Stored data
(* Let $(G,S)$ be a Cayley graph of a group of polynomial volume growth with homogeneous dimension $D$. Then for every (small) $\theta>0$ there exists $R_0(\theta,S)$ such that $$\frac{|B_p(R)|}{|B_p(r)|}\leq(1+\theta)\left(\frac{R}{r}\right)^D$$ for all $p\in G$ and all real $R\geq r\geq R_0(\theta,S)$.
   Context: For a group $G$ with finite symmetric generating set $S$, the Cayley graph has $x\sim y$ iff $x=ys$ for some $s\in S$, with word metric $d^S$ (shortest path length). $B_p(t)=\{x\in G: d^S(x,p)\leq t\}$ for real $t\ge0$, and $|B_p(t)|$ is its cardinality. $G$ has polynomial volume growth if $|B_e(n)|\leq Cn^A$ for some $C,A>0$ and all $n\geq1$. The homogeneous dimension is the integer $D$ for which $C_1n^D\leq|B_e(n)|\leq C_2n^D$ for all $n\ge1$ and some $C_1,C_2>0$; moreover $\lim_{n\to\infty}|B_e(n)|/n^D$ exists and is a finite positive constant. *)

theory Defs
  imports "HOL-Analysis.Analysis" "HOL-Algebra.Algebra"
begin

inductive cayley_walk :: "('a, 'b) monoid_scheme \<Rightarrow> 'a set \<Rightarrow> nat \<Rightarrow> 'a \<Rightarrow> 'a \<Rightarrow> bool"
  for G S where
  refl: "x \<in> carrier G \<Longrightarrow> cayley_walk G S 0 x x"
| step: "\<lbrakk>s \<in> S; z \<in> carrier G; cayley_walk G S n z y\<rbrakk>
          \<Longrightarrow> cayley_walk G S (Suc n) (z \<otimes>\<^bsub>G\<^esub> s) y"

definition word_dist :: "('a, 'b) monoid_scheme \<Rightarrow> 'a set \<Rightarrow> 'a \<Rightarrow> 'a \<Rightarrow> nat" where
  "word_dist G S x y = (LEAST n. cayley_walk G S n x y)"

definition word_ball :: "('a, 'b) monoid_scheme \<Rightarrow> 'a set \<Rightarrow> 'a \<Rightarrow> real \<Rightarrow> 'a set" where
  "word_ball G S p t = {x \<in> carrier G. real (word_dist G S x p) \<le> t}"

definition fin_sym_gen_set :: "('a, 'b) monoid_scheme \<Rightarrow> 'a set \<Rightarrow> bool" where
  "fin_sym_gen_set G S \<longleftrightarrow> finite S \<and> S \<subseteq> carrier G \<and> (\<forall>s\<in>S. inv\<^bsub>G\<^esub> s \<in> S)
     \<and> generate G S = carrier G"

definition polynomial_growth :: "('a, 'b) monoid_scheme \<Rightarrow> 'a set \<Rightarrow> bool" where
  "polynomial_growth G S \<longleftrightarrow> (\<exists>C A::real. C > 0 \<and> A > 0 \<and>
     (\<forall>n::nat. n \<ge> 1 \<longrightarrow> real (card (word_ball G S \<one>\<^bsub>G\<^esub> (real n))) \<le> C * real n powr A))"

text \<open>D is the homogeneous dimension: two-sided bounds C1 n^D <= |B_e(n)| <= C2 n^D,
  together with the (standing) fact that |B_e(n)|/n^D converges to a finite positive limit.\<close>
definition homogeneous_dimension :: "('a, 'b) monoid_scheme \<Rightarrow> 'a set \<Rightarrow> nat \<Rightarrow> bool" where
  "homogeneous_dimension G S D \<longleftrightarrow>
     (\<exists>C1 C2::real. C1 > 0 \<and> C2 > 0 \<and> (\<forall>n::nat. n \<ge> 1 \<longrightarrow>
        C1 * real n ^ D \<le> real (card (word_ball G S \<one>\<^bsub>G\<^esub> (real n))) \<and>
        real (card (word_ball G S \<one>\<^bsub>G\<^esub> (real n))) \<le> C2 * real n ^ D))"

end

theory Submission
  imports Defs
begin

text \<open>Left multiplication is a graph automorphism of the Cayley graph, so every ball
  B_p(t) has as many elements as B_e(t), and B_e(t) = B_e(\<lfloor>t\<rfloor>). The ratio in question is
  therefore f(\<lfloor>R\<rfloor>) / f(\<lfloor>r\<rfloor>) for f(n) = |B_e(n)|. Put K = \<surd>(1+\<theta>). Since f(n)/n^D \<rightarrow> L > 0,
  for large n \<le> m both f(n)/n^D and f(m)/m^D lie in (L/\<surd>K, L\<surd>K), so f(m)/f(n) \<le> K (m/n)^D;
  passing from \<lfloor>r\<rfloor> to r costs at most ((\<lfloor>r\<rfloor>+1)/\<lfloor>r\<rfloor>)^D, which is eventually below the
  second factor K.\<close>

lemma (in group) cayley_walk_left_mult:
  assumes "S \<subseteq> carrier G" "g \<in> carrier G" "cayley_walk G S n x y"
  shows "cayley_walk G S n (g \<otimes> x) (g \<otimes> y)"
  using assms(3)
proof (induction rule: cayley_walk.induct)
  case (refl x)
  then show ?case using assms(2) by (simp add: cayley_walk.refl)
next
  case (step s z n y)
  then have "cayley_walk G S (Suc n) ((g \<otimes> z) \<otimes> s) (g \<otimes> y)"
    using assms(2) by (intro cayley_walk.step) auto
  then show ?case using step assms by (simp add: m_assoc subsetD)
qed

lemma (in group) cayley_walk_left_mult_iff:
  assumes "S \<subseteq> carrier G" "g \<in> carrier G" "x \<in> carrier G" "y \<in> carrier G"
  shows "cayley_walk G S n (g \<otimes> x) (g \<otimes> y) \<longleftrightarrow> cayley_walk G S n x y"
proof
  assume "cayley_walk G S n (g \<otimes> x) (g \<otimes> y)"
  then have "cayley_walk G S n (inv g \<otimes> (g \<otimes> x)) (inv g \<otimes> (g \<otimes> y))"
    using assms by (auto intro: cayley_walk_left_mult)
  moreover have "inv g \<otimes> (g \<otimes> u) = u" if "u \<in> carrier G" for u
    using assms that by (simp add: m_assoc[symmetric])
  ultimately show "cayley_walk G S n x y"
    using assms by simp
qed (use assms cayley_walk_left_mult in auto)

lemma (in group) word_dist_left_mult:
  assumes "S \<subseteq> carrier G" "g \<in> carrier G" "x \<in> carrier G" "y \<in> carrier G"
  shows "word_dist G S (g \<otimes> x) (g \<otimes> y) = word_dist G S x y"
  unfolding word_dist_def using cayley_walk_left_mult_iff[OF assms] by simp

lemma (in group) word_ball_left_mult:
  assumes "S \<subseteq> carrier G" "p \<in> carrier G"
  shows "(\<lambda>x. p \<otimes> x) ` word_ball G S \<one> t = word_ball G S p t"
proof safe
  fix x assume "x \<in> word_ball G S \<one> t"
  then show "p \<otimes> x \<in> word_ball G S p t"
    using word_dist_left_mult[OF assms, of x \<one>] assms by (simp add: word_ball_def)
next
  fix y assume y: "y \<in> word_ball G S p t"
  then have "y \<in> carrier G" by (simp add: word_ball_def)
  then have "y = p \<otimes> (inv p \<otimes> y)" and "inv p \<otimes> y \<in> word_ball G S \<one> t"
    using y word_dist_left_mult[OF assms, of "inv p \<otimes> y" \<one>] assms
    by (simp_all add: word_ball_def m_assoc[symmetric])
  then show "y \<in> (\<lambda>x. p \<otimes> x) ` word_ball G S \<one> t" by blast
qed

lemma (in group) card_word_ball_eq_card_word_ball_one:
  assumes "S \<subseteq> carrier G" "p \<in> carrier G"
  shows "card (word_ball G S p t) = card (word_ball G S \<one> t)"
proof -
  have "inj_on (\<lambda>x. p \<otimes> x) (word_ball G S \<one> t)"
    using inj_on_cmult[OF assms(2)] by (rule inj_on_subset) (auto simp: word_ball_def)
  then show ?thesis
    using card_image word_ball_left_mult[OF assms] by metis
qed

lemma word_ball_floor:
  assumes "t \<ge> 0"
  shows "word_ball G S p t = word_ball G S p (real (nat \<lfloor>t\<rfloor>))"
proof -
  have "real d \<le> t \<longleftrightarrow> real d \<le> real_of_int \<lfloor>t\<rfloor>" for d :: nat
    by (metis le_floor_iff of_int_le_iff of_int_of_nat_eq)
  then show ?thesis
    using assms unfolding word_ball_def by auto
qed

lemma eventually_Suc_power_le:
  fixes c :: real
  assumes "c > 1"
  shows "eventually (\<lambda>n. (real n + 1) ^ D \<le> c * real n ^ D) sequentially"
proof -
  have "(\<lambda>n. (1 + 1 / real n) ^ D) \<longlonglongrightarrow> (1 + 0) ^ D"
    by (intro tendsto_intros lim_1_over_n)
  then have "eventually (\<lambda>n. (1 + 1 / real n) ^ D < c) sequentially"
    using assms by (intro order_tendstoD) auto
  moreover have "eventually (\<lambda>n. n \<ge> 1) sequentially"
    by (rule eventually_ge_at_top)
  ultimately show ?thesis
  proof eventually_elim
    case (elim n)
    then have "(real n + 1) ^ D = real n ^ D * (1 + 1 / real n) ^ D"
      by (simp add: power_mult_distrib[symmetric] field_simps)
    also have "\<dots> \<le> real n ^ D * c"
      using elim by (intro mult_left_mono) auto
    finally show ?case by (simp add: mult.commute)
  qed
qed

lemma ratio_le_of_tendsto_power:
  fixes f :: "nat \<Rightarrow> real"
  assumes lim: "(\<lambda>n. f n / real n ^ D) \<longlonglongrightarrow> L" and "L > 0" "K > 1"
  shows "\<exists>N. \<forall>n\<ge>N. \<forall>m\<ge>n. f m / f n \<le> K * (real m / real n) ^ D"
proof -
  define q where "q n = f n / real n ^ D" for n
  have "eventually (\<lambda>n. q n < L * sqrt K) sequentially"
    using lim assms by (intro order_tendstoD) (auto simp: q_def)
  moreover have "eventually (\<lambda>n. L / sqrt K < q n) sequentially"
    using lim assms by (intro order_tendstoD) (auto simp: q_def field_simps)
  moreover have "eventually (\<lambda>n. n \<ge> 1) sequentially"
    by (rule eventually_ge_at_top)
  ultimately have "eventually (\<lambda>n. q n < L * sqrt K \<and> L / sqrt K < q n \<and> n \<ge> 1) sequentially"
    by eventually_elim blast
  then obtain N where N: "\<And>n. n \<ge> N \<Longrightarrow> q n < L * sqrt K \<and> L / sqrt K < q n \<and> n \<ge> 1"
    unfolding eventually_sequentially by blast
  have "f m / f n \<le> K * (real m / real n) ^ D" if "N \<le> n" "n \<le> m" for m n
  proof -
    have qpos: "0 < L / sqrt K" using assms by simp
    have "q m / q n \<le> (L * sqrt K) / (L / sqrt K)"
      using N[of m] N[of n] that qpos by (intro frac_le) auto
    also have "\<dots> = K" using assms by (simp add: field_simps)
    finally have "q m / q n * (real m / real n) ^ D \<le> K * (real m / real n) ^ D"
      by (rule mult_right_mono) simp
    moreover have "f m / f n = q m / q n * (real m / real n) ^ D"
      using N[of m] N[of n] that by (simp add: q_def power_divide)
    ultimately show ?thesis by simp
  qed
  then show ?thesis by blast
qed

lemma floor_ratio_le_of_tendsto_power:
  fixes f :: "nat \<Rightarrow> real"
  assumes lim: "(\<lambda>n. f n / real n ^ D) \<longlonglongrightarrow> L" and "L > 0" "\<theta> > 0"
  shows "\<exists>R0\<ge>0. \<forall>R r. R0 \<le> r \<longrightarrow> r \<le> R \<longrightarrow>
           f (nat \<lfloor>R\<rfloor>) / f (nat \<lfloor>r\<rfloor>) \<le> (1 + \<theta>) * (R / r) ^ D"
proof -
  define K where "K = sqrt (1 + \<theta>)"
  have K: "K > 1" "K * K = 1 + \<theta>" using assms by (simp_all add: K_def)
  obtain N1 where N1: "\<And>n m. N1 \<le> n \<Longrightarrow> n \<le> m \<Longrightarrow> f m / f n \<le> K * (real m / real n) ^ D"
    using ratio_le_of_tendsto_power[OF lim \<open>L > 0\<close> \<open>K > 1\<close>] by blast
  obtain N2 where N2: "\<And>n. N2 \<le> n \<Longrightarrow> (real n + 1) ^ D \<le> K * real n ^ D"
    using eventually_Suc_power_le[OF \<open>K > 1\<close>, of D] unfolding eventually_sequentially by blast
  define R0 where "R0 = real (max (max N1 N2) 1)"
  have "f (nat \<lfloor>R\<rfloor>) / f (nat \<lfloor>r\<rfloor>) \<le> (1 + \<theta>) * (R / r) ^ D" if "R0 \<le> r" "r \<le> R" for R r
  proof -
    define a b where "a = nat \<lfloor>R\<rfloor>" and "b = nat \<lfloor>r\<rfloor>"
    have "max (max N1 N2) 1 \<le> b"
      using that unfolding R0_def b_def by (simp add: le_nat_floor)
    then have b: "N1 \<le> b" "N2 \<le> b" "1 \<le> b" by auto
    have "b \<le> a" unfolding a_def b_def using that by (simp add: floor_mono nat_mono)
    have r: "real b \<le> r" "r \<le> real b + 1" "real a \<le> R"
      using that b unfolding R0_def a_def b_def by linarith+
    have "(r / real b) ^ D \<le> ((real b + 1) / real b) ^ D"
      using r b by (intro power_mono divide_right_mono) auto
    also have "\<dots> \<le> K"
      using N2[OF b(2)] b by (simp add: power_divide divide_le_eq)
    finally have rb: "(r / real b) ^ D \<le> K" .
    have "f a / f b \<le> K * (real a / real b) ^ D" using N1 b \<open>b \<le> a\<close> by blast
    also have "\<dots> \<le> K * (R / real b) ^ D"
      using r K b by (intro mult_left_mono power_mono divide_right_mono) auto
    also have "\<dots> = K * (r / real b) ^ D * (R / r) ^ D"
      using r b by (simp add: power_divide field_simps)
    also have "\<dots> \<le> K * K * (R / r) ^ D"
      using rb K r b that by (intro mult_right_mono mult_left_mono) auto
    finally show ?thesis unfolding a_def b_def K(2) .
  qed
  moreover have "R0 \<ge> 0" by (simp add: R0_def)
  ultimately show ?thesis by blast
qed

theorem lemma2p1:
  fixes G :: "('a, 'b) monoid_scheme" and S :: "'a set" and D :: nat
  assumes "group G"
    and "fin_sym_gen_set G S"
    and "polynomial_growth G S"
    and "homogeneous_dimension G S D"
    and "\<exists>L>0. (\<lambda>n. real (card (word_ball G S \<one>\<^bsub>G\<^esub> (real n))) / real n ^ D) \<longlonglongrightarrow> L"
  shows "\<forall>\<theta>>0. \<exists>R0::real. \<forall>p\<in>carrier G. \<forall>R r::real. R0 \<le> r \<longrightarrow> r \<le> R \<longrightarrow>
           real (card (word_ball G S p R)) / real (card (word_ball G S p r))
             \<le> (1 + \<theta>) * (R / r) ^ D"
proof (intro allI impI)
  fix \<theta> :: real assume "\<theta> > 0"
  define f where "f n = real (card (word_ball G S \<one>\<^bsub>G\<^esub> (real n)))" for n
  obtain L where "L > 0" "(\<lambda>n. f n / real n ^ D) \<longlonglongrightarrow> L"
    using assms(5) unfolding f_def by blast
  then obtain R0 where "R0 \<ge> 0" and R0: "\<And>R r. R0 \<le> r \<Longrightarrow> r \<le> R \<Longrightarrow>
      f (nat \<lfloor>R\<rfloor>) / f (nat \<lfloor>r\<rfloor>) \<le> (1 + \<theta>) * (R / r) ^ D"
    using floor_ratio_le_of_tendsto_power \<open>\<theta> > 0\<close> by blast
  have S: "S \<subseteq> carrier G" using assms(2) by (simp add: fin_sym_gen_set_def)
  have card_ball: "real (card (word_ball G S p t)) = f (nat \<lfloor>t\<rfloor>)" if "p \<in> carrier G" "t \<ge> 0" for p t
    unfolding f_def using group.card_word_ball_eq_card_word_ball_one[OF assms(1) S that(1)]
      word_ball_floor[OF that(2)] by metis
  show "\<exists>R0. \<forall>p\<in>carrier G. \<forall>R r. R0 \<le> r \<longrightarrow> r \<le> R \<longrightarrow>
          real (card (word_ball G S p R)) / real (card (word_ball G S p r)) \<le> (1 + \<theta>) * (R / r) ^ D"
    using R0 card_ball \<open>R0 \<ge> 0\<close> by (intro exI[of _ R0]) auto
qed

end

- TASK PROMPT:
Where the string "volume" occurs in the data, return the whole line.

- RESULT:
(* Let $(G,S)$ be a Cayley graph of a group of polynomial volume growth with homogeneous dimension $D$. Then for every (small) $\theta>0$ there exists $R_0(\theta,S)$ such that $$\frac{|B_p(R)|}{|B_p(r)|}\leq(1+\theta)\left(\frac{R}{r}\right)^D$$ for all $p\in G$ and all real $R\geq r\geq R_0(\theta,S)$.
   Context: For a group $G$ with finite symmetric generating set $S$, the Cayley graph has $x\sim y$ iff $x=ys$ for some $s\in S$, with word metric $d^S$ (shortest path length). $B_p(t)=\{x\in G: d^S(x,p)\leq t\}$ for real $t\ge0$, and $|B_p(t)|$ is its cardinality. $G$ has polynomial volume growth if $|B_e(n)|\leq Cn^A$ for some $C,A>0$ and all $n\geq1$. The homogeneous dimension is the integer $D$ for which $C_1n^D\leq|B_e(n)|\leq C_2n^D$ for all $n\ge1$ and some $C_1,C_2>0$; moreover $\lim_{n\to\infty}|B_e(n)|/n^D$ exists and is a finite positive constant. *)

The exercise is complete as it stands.